**LISTED RECORDS:**
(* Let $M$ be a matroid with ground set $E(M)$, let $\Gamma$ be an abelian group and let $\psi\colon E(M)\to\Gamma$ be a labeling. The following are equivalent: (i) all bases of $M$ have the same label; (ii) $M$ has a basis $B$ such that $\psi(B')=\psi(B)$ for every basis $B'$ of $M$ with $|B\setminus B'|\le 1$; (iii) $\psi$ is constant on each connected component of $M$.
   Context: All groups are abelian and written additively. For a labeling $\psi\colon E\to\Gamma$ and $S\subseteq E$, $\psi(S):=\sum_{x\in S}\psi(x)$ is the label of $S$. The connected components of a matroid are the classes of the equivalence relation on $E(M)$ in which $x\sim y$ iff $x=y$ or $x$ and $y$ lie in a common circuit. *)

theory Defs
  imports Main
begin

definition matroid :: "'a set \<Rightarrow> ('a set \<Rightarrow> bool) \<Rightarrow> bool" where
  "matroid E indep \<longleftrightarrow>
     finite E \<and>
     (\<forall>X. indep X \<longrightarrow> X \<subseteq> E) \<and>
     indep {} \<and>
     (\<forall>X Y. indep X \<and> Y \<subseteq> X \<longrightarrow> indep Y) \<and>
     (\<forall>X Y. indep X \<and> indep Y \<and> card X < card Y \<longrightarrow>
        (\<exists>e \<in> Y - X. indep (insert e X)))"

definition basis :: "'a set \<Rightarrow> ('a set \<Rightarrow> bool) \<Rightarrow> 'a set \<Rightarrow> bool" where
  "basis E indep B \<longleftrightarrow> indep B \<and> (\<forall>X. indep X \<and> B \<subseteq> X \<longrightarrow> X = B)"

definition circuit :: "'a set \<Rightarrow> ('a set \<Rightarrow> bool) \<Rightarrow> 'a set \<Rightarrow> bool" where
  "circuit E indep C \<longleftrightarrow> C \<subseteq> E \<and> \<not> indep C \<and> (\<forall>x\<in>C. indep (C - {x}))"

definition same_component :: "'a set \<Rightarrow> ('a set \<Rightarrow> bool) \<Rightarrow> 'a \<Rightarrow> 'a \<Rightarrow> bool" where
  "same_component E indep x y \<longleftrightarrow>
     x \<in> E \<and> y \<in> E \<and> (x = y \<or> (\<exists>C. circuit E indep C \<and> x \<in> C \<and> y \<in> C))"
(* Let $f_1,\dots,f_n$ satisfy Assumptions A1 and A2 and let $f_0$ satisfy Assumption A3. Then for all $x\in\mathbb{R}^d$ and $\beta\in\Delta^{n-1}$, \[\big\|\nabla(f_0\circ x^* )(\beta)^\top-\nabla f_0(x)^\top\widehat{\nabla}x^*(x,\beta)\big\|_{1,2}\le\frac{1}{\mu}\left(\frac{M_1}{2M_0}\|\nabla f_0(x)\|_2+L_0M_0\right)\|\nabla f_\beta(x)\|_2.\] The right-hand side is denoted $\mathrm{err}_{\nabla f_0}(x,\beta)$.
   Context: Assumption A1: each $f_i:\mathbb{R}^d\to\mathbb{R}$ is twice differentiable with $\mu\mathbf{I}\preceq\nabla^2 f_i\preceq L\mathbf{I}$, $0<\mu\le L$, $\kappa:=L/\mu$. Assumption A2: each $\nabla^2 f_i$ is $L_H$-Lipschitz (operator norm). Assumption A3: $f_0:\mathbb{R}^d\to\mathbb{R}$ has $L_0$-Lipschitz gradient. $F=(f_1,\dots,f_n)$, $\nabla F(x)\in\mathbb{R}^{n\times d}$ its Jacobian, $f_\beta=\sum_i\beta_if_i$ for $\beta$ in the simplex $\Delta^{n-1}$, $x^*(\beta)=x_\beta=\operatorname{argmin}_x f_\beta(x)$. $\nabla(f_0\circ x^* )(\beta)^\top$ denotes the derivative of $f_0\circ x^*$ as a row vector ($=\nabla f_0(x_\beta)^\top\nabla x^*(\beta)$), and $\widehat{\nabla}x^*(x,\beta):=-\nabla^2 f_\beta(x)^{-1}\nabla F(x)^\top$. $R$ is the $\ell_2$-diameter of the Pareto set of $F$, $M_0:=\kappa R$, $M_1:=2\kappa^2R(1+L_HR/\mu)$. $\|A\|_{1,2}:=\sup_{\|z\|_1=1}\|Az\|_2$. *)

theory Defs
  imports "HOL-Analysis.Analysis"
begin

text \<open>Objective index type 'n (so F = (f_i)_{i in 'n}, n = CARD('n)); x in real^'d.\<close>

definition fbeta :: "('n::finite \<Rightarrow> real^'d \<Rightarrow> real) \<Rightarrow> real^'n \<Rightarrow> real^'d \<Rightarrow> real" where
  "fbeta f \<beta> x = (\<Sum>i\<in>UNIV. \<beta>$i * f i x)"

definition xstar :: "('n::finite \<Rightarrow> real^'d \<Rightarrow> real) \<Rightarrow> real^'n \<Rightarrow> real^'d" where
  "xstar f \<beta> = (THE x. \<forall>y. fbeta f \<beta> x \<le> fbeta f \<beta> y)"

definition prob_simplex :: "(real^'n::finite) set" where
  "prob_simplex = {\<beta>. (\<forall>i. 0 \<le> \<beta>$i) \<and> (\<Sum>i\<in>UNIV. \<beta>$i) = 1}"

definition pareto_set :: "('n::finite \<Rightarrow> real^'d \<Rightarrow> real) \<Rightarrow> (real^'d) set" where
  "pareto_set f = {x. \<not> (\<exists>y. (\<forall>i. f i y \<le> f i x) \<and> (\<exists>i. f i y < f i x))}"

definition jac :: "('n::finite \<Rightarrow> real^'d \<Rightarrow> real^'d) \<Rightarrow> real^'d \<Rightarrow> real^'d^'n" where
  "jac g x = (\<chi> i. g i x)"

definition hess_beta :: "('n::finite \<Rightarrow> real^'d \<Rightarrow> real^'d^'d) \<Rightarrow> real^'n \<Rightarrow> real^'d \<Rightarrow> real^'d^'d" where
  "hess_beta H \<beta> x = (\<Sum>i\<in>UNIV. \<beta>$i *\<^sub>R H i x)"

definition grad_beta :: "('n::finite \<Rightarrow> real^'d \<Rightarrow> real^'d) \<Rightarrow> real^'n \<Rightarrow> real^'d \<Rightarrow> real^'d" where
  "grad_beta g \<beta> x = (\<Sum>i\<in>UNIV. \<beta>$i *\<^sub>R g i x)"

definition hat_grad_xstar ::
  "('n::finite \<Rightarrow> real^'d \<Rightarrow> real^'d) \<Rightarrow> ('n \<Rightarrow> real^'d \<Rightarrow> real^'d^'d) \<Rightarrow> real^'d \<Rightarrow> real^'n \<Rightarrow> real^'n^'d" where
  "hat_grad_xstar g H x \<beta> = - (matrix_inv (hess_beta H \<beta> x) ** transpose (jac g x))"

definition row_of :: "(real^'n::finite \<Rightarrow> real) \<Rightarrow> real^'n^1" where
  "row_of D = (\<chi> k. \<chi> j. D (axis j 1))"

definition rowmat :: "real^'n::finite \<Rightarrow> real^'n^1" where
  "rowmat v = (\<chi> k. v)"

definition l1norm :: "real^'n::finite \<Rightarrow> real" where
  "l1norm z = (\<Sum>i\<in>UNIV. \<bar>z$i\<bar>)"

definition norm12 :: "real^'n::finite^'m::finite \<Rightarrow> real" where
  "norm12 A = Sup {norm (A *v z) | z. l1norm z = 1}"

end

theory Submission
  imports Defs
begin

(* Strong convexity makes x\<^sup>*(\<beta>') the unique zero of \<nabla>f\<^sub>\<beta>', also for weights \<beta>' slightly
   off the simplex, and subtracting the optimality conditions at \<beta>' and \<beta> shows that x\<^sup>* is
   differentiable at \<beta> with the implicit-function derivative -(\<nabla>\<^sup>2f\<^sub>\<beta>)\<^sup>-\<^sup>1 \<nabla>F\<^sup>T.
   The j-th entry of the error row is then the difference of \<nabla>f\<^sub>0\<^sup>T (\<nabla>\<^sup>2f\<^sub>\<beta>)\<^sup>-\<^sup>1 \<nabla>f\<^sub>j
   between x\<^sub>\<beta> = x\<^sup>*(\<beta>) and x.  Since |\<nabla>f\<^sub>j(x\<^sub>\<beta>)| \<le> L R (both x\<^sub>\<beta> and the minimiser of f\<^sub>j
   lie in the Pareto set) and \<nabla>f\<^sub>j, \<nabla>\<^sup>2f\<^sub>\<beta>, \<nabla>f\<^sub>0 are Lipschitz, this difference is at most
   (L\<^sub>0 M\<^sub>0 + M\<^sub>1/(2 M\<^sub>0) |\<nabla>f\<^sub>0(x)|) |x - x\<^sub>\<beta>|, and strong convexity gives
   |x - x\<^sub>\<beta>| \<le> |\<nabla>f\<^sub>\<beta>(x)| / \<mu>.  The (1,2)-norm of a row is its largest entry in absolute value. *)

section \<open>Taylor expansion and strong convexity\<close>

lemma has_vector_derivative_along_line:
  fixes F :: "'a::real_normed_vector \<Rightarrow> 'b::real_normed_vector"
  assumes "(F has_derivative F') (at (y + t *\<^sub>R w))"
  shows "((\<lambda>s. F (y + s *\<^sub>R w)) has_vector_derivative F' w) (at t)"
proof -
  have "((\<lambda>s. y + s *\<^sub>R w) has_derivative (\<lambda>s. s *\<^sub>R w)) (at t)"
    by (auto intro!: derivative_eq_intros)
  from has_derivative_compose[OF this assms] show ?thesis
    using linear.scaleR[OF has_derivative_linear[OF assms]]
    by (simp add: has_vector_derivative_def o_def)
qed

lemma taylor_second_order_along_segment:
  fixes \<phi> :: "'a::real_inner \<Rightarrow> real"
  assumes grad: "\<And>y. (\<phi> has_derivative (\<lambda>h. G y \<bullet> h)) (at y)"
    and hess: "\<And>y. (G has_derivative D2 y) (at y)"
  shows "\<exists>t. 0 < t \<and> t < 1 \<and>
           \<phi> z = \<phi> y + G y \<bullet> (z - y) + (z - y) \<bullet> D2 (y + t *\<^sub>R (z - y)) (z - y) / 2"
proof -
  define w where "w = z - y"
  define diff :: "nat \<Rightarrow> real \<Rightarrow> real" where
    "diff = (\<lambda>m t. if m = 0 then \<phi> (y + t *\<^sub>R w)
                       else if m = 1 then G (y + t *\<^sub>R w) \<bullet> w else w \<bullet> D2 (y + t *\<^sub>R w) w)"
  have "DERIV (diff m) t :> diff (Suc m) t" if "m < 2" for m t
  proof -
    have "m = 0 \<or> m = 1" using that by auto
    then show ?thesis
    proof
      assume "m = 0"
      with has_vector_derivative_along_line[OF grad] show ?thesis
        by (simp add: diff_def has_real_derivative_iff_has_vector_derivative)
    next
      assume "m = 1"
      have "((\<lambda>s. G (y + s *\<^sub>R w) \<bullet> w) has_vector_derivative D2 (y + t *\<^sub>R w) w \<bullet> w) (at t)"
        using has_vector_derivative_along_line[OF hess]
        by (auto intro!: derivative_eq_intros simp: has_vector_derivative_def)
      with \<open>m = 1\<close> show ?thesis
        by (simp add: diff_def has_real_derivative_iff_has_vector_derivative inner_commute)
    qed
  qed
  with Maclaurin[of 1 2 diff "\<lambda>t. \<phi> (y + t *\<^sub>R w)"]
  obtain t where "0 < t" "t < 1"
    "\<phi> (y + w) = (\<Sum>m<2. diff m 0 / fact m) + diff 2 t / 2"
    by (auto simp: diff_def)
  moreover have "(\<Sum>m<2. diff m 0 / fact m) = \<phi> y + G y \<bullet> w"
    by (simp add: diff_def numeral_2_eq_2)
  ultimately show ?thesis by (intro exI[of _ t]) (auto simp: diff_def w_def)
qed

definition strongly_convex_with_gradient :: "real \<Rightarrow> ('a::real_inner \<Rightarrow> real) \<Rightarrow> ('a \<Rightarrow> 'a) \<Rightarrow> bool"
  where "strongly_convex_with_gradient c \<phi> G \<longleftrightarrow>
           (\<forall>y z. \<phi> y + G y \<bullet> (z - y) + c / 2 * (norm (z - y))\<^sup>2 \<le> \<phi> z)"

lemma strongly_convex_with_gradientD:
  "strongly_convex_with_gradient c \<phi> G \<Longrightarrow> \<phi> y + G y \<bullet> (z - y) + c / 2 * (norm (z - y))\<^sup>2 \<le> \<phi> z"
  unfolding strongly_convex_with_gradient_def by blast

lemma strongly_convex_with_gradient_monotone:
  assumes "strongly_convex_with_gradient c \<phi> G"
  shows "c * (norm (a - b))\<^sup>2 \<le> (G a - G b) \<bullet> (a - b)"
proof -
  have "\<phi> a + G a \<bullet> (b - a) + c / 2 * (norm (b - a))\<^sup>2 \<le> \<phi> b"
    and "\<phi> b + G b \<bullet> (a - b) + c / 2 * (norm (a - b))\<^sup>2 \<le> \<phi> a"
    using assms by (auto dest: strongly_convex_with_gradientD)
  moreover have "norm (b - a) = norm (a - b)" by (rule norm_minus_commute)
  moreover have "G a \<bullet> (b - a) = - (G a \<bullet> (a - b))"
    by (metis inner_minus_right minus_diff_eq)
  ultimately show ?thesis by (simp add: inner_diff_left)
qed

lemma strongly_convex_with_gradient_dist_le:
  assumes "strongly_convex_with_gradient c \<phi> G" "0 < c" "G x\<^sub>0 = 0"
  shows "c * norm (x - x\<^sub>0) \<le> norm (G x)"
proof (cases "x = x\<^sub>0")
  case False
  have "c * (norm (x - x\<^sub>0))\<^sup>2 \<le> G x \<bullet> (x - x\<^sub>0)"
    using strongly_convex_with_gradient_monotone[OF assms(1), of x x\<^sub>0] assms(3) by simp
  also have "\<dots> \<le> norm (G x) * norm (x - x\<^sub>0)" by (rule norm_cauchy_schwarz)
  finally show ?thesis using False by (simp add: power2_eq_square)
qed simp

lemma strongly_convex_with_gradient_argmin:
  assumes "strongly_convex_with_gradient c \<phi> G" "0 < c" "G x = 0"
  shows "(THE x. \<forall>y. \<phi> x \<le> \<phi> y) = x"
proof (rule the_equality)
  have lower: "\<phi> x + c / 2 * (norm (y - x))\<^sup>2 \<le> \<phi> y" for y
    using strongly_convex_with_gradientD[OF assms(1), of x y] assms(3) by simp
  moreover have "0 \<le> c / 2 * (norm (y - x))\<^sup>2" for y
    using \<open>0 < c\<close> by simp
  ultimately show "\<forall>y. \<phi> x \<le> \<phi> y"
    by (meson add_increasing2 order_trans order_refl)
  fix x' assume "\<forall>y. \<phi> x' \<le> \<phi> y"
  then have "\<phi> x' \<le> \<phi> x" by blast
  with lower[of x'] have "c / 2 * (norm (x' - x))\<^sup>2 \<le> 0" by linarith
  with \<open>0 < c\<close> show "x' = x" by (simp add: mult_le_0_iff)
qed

**AIM OF THE TASK:** Once the line with "between x\<^sub>\<beta> = x\<^sup>*(\<beta>)" is found in the records above, print exactly that line and every line after it through the line with "(L\<^sub>0 M\<^sub>0 +".

**FINISHED TASK:**
   between x\<^sub>\<beta> = x\<^sup>*(\<beta>) and x.  Since |\<nabla>f\<^sub>j(x\<^sub>\<beta>)| \<le> L R (both x\<^sub>\<beta> and the minimiser of f\<^sub>j
   lie in the Pareto set) and \<nabla>f\<^sub>j, \<nabla>\<^sup>2f\<^sub>\<beta>, \<nabla>f\<^sub>0 are Lipschitz, this difference is at most
   (L\<^sub>0 M\<^sub>0 + M\<^sub>1/(2 M\<^sub>0) |\<nabla>f\<^sub>0(x)|) |x - x\<^sub>\<beta>|, and strong convexity gives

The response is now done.